Member of the National Assembly
- In office October 1996 – June 1999

Personal details
- Born: Cornelius Tennyson Daniel Marivate 10 April 1927 Valdezia, Transvaal Union of South Africa
- Died: 4 December 2020 (aged 93)
- Party: African National Congress
- Relations: Charles Daniel Marivate (brother)
- Parent: Daniel Cornel Marivate
- Alma mater: University of South Africa (PhD)

= C. T. D. Marivate =

South African writer and academic (1927–2020)

Cornelius Tennyson Daniel Marivate (10 April 1927 – 4 December 2020) was a South African politician, academic and writer, known for his work in Tsonga. He won the South African Literary Awards Lifetime Achievement Award in 2019.

Marivate worked at the University of South Africa (UNISA) from 1963 to 1992. He served briefly in the government of the Gazankulu bantustan and later represented the African National Congress (ANC) in the National Assembly from 1996 to 1999.

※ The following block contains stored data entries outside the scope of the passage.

lemma site_ge_of_window_terms_le:
  fixes x :: "nat \<Rightarrow> real"
  assumes pos: "\<forall>j\<in>{1..N}. 0 < x j" and \<eta>: "0 < \<eta>" "\<eta> < 1"
    and t: "\<forall>J\<in>windows N. window_term N \<eta> x J \<le> t" and j: "j \<in> {1..N}"
  shows "t powr (-1 / (1 - \<eta>)) \<le> x j"
proof -
  have "(1, j) \<in> windows N"
    using j by auto
  then have "window_term N \<eta> x (1, j) \<le> t"
    using t by blast
  then have "x j powr (\<eta> - 1) \<le> t"
    by (simp add: window_term_def window_def aexp_def)
  then have "t powr (1 / (\<eta> - 1)) \<le> x j"
    using pos j \<eta> by (intro powr_inverse_exponent_le) auto
  then show ?thesis
    by (simp add: minus_divide_right)
qed

lemma clockRate_lower_bound:
  fixes x :: "nat \<Rightarrow> real"
  assumes pos: "\<forall>j\<in>{1..N}. 0 < x j" and T: "0 < TL" "0 < TR" and K: "1 \<le> K"
    and \<eta>: "0 < \<eta>" "\<eta> < 1"
    and t: "1 \<le> t" "1 / TL \<le> t" "1 / TR \<le> t" "\<forall>J\<in>windows N. window_term N \<eta> x J \<le> t"
    and i: "1 \<le> i" "i \<le> N + 1"
  shows "0 < clockRate N TL TR K x i" "t powr alphaE \<eta> \<le> clockRate N TL TR K x i * t"
proof -
  define s where "s = t powr (-1 / (1 - \<eta>))"
  have "s \<le> t powr -1"
    unfolding s_def using t(1) \<eta> by (intro powr_mono) (auto simp: field_simps)
  then have s: "0 < s" "s \<le> 1 / t"
    using t(1) by (auto simp: s_def powr_minus_divide)
  moreover have "1 / t \<le> TL" "1 / t \<le> TR" "1 / t \<le> 1"
    using t T by (auto simp: field_simps)
  ultimately have "s \<le> extE N TL TR x j" if "j \<le> N + 1" for j
    using site_ge_of_window_terms_le[OF pos \<eta> t(4), of j] that by (auto simp: extE_def s_def)
  moreover have "sqrt s \<le> K"
    using s \<open>1 / t \<le> 1\<close> K real_sqrt_le_1_iff[of s] by linarith
  ultimately have "sqrt s \<le> clockRate N TL TR K x i"
    using i by (intro sqrt_le_clockRate) auto
  then show "0 < clockRate N TL TR K x i"
    using s(1) by (meson less_le_trans real_sqrt_gt_zero)
  have "t powr alphaE \<eta> = sqrt s * t"
  proof -
    have "sqrt s * t = t powr (-1 / (1 - \<eta>) * (1/2)) * t powr 1"
      using s t(1) by (simp add: s_def powr_half_sqrt[symmetric] powr_powr)
    also have "\<dots> = t powr (-1 / (1 - \<eta>) * (1/2) + 1)"
      by (rule powr_add[symmetric])
    also have "-1 / (1 - \<eta>) * (1/2) + 1 = alphaE \<eta>"
      using \<eta> by (simp add: alphaE_def field_simps)
    finally show ?thesis ..
  qed
  then show "t powr alphaE \<eta> \<le> clockRate N TL TR K x i * t"
    using \<open>sqrt s \<le> clockRate N TL TR K x i\<close> t(1) by (simp add: mult_right_mono)
qed

section \<open>Drift at the maximal window\<close>

definition jump_excess :: "nat \<Rightarrow> real \<Rightarrow> real \<Rightarrow> real \<Rightarrow> (nat \<Rightarrow> real) \<Rightarrow> nat \<Rightarrow> real" where
  "jump_excess N TL TR \<eta> x i =
     (if i = 1 then bath_excess N \<eta> TL
      else if i = N + 1 then bath_excess N \<eta> TR
      else 4 / \<eta> * crossing_sum N \<eta> x i)"

lemma bath_excess_nonneg: "0 < T \<Longrightarrow> 0 < \<eta> \<Longrightarrow> 0 \<le> bath_excess N \<eta> T"
  by (simp add: bath_excess_def)

lemma jump_excess_nonneg: "0 < TL \<Longrightarrow> 0 < TR \<Longrightarrow> 0 < \<eta> \<Longrightarrow> 0 \<le> jump_excess N TL TR \<eta> x i"
  by (simp add: jump_excess_def bath_excess_nonneg crossing_sum_nonneg)

text \<open>Clock \<open>snd I\<close>, at the left end of \<open>I\<close>, always changes the energy of \<open>I\<close>, so the term of \<open>I\<close>
  is among the replaced ones.\<close>
lemma jumpExp_le:
  fixes x :: "nat \<Rightarrow> real"
  assumes pos: "\<forall>j\<in>{1..N}. 0 < x j" and T: "0 < TL" "0 < TR" and \<eta>: "0 < \<eta>" "\<eta> < 1"
    and I: "I \<in> windows N" and i: "i \<in> {1..N + 1}"
  shows "jumpExp N TL TR \<eta> i x
    \<le> ennreal (Vfun N \<eta> x - (if i = snd I then window_term N \<eta> x I else 0) + jump_excess N TL TR \<eta> x i)"
proof -
  define D where "D = (if i = snd I then {I} else {})"
  have sum_D: "sum (window_term N \<eta> x) D = (if i = snd I then window_term N \<eta> x I else 0)"
    by (simp add: D_def)
  have start: "snd I \<in> window I" "snd I - 1 \<notin> window I" "snd I \<noteq> N + 1"
    using I by (cases I; auto simp: window_def)+
  consider "i = 1" | "i = N + 1" "i \<noteq> 1" | "2 \<le> i" "i \<le> N"
    using i by fastforce
  then show ?thesis
  proof cases
    case 1
    then have "D \<subseteq> {J \<in> windows N. 1 \<in> window J}"
      using I start by (auto simp: D_def)
    from bdExp_le[OF pos T(1) \<eta> this] show ?thesis
      using 1 by (simp add: jumpExp_def jump_excess_def sum_D)
  next
    case 2
    then have "D \<subseteq> {J \<in> windows N. N \<in> window J}"
      using start by (auto simp: D_def)
    from bdExp_le[OF pos T(2) \<eta> this] show ?thesis
      using 2 by (simp add: jumpExp_def jump_excess_def sum_D)
  next
    case 3
    then have "D \<subseteq> {J \<in> windows N. crosses_bond i J}"
      using I start by (auto simp: D_def crosses_bond_def)
    from innerExp_le[OF pos 3 \<eta> this] show ?thesis
      using 3 by (simp add: jumpExp_def jump_excess_def sum_D)
  qed
qed

definition excess_bound :: "nat \<Rightarrow> real \<Rightarrow> real \<Rightarrow> real \<Rightarrow> real \<Rightarrow> real \<Rightarrow> real" where
  "excess_bound N TL TR K \<eta> t = K * (bath_excess N \<eta> TL + bath_excess N \<eta> TR)
     + 4 / \<eta> * (N * N) * t powr (alphaE \<eta> - alpha_gap N \<eta>)"

lemma clockRate_mult_jump_excess_le:
  fixes x :: "nat \<Rightarrow> real"
  assumes pos: "\<forall>j\<in>{1..N}. 0 < x j" and T: "0 < TL" "0 < TR" and K: "0 \<le> K"
    and \<eta>: "0 < \<eta>" "\<eta> < eta_max N"
    and t: "1 \<le> t" "\<forall>J\<in>windows N. window_term N \<eta> x J \<le> t" and i: "i \<in> {1..N + 1}"
  shows "clockRate N TL TR K x i * jump_excess N TL TR \<eta> x i \<le> excess_bound N TL TR K \<eta> t"
proof -
  let ?R = "clockRate N TL TR K x i"
  have R: "0 \<le> ?R" "?R \<le> K"
    using clockRate_nonneg[OF pos T K] clockRate_le_K i by auto
  have bath: "0 \<le> bath_excess N \<eta> TL" "0 \<le> bath_excess N \<eta> TR"
    using T \<eta> by (auto intro: bath_excess_nonneg)
  have gap: "0 \<le> 4 / \<eta> * (N * N) * t powr (alphaE \<eta> - alpha_gap N \<eta>)"
    using \<eta> by simp
  show ?thesis
  proof (cases "i = 1 \<or> i = N + 1")
    case True
    then have "?R * jump_excess N TL TR \<eta> x i \<le> K * (bath_excess N \<eta> TL + bath_excess N \<eta> TR)"
      using R bath by (intro mult_mono) (auto simp: jump_excess_def)
    then show ?thesis
      using gap by (simp add: excess_bound_def)
  next
    case False
    then have i': "2 \<le> i" "i \<le> N"
      using i by auto
    have "?R * jump_excess N TL TR \<eta> x i = 4 / \<eta> * (?R * crossing_sum N \<eta> x i)"
      using False by (simp add: jump_excess_def)
    also have "\<dots> \<le> 4 / \<eta> * (N * N * t powr (alphaE \<eta> - alpha_gap N \<eta>))"
      using clockRate_mult_crossing_sum_le[OF pos i' K \<eta> t] \<eta> by (intro mult_left_mono) auto
    finally show ?thesis
      using K bath by (simp add: excess_bound_def mult.assoc add_increasing)
  qed
qed

lemma expVafter_add_le:
  fixes N :: nat and TL TR K :: real and x Y :: "nat \<Rightarrow> real"
  defines "R \<equiv> clockRate N TL TR K x" and "Rt \<equiv> totRate N TL TR K x"
  assumes R: "\<forall>i\<in>{1..N + 1}. 0 \<le> R i" and Rt: "0 < Rt"
    and jump: "\<forall>i\<in>{1..N + 1}. jumpExp N TL TR \<eta> i x \<le> ennreal (Y i)" and Y: "\<forall>i\<in>{1..N + 1}. 0 \<le> Y i"
    and C: "0 \<le> C" "(\<Sum>i = 1..N + 1. R i * Y i) + C \<le> V * Rt"
  shows "expVafter N TL TR K \<eta> x + ennreal (C / Rt) \<le> ennreal V"
proof -
  have "expVafter N TL TR K \<eta> x \<le> (\<Sum>i = 1..N + 1. ennreal (R i / Rt) * ennreal (Y i))"
    unfolding expVafter_def R_def Rt_def totRate_def[symmetric]
    using jump by (intro sum_mono mult_left_mono) auto
  also have "\<dots> = (\<Sum>i = 1..N + 1. ennreal (R i / Rt * Y i))"
    using R Rt Y by (intro sum.cong refl ennreal_mult[symmetric]) auto
  also have "\<dots> = ennreal (\<Sum>i = 1..N + 1. R i / Rt * Y i)"
    using R Rt Y by (intro sum_ennreal) auto
  finally have "expVafter N TL TR K \<eta> x + ennreal (C / Rt)
      \<le> ennreal (\<Sum>i = 1..N + 1. R i / Rt * Y i) + ennreal (C / Rt)"
    by (rule add_right_mono)
  also have "\<dots> = ennreal ((\<Sum>i = 1..N + 1. R i / Rt * Y i) + C / Rt)"
    using R Rt Y C by (intro ennreal_plus[symmetric] sum_nonneg) auto
  also have "(\<Sum>i = 1..N + 1. R i / Rt * Y i) + C / Rt = ((\<Sum>i = 1..N + 1. R i * Y i) + C) / Rt"
    by (simp add: sum_divide_distrib add_divide_distrib)
  also have "\<dots> \<le> V"
    using C Rt by (simp add: pos_divide_le_eq)
  finally show ?thesis
    by (simp add: ennreal_leI)
qed
theorem mainTheorem3:
  fixes d n :: nat
  assumes "d \<ge> 1"
  shows "entropy2 (map_pmf walk_range (walk d n)) \<ge>
         - log 2 (1 - 1 / (2 * real d)) *
           measure_pmf.expectation (walk d n)
             (\<lambda>xs. real (card (inner_boundary d (walk_range xs))) - 1)"
proof -
  let ?R = "map_pmf walk_range (walk d n)"
  let ?g = "\<lambda>A. real (card (inner_boundary d A)) - 1"
  have "finite (set_pmf (walk d n))"
    using walk_paths_nonempty[OF assms] finite_walk_paths by (simp add: walk_def)
  then have "finite (set_pmf ?R)"
    by simp
  moreover have "0 < 1 - 1 / (2 * real d)"
    using assms by (simp add: field_simps)
  ultimately have "- log 2 (1 - 1 / (2 * real d)) * measure_pmf.expectation ?R ?g \<le> entropy2 ?R"
    using pmf_walk_range_le[OF assms] by (rule entropy2_ge_of_pmf_le)
  then show ?thesis
    by simp
qed

end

== Early life and career ==
Marivate was the second-born son of Daniel Marivate, a renowned South African composer and writer. He was born on 10 April 1927 and raised at a Swiss mission station in Valdesia in the former Transvaal province, where his father was a teacher and pastor. He himself began teaching in 1948 at a nearby primary school, while studying by correspondence for his school-leaving certificate.

After he completed his bachelor's degree at UNISA in 1963, he was invited to join the university's African languages department as UNISA's first Xitsonga-native lecturer. Beginning as a lecturer and ultimately becoming head of department, he remained at UNISA until his retirement in 1992. During that time he completed his master's degree, on Tsonga folk tales, and in 1982 his doctorate, on ideophone and onomatopoeia in African languages. He also completed a diploma in music through the London School of Music.

== Political career ==
Marivate was occasionally involved in politics during apartheid. In 1978, he successfully campaigned for election to a seat in the Gazankulu Legislative Assembly, but withdrew before he was sworn in. Later he served as a minister in the Gazankulu government under Chief Minister Samuel Dickenson Nxumalo, while also serving as a delegate to the Convention for a Democratic South Africa.

After the end of apartheid in 1994, he was appointed as a member of the Public Service Commission in the new Northern Province (later renamed Limpopo); the main task of the commission was to reintegrate the Gazankulu, Lebowa, and Venda homelands with parts of the Transvaal provincial administration. In October 1996, he was sworn in to the National Assembly, the lower house of the new South African Parliament, where he filled a casual vacancy in an ANC seat. He advocated for a political programme involving self-reliance, reconciliation, and cooperation among political parties. He left the Parliament after the next general election in 1999.

== Music and literature ==
Marivate wrote several books in Tsonga, including Jim Xilovekelo (1965) and Mpambulwa Wa Switlhokovetselo (1983), and he translated others from English, including a book of Tsonga folktales. In 2019, he won the South African Literary Awards's Lifetime Achievement Award for his body of work in Tsonga. Like his father, he was also involved in composing and conducting choral music.

== Personal life and death ==
He was married to Stephina and had seven children. He was an adherent of the Moral Rearmament movement and a member of the Evangelical Presbyterian Church. He died on 4 December 2020, aged 93.